We have added a new section entitled “Distributorship Agreements” in the Results of Operations that addresses the agreements and their impact on the Company’s revenues. We authorize liquor manufacturers who comply with our requirements to use certain sub brand names of “Baishui Dukang” to process the production of liquor and to sell to customers within the designated area in a certain period of time. The amount of franchise fee varies based on the sales territory and the number of sub brand names. We generally collect the entire franchise fee when the franchise contract is executed, and then recognize franchise fee revenue over the beneficial period described by the contract, as the revenue is realized or realizable and earned. We also authorize liquor stores who comply with our requirements to exclusively sell certain sub brand names of “Baishui Dukang” products within the designated area in a certain period of time. The amount of franchise fee varies based on the sales territory and the number of sub brand names. We generally collect the entire franchise fee when the franchise contract is executed, and then recognize franchise fee revenue over the beneficial period described by the contract, as the revenue is realized or realizable and earned.
12.
We have added the lease rates and adjusted the table.
13.
We have added a subheading for “Plant and Equipment” and added several paragraphs of disclosure.
14.
We have noted that all of the officers and directors are devoted full time to the Company.
15.
We have added dates to the biographies.
16.
We have revised the headings and added a “Totals” column.
17.
We have revised the chart and added columns for each category of missing information, following the format of Item 404(a)(5) of Regulation SK.

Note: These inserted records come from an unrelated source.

lemma factor_nonzero: "factor i j \<noteq> 0"
proof
  assume "factor i j = 0"
  then have "j \<noteq> i" "\<delta> j \<noteq> 0" "lam i \<noteq> lam j" "1 + \<delta> j / (lam i - lam j) = 0"
    by (auto simp: factor_def split: if_splits)
  then have "lam j - \<delta> j = lam i"
    by (simp add: field_simps)
  with zero_not_pole[OF \<open>\<delta> j \<noteq> 0\<close>] show False by blast
qed

lemma convergent_prod_factor: "convergent_prod (factor i)"
proof -
  have "summable (\<lambda>j. (1/2::real) ^ (j + 2))"
    using summable_mult2[OF summable_geometric[of "1/2::real"], of "1/4"] by (simp add: power_add)
  then have "summable (\<lambda>j. norm (factor i j - 1))"
  proof (rule summable_comparison_test'[where N = "Suc i"])
    fix j assume "Suc i \<le> j"
    then show "norm (norm (factor i j - 1)) \<le> (1/2) ^ (j + 2)"
      using norm_factor_sub_1_le[of i j] by simp
  qed
  then have "convergent_prod (\<lambda>j. 1 + (factor i j - 1))"
    using factor_nonzero by (intro summable_imp_convergent_prod_complex) (auto simp: add_eq_0_iff)
  then show ?thesis by simp
qed

lemma prod_later_factors_le: "(\<Prod>j\<in>{i..<n}. 1 + norm (factor i j - 1)) \<le> 2"
proof -
  have "(\<Sum>j\<in>{i..<n}. norm (factor i j - 1)) \<le> (\<Sum>j\<in>{i..<n}. (1/2::real) ^ (j + 2))"
    using norm_factor_sub_1_le by (intro sum_mono) (auto simp: factor_def le_less)
  also have "\<dots> \<le> (\<Sum>j<n. (1/2::real) ^ (j + 2))"
    by (rule sum_mono2) auto
  also have "\<dots> \<le> 1/2"
    unfolding sum_half_powers by simp
  finally have sum_le: "(\<Sum>j\<in>{i..<n}. norm (factor i j - 1)) \<le> 1/2" .
  have "(\<Prod>j\<in>{i..<n}. 1 + norm (factor i j - 1)) \<le> exp (\<Sum>j\<in>{i..<n}. norm (factor i j - 1))"
    by (rule prod_le_exp_sum) simp
  also have "\<dots> \<le> exp (1/2)"
    using sum_le by simp
  also have "\<dots> \<le> 2"
    by (rule exp_half_le2)
  finally show ?thesis .
qed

The related-parties include affiliates and individuals. Affiliates are companies which are directly or indirectly, beneficially and in the aggregate, majority-owned and controlled by directors, officers, and principal shareholders of the Company. Individuals include our officers, shareholders, and prior directors of subsidiaries .
loans from related-parties are unsecured, non-interest bearing and have no fixed terms of repayment, therefore, deemed payable on demand. Cash flows from due from related parties are classified as cash flows from investing activities. Cash flows from due to related parties are classified as cash flows from financing activities. We also disclose these indebtedness pursuant to Item 404(a)(5) of Regulation S-K, which states “In the case of indebtedness, disclosure of the amount involved in the transaction shall include the largest aggregate amount of principal outstanding during the period for which disclosure is provided, the amount thereof outstanding as of the latest practicable date, the amount of principal paid during the periods for which disclosure is provided, the amount of interest paid during the period for which disclosure is provided, and the rate or amount of interest payable on the indebtedness.”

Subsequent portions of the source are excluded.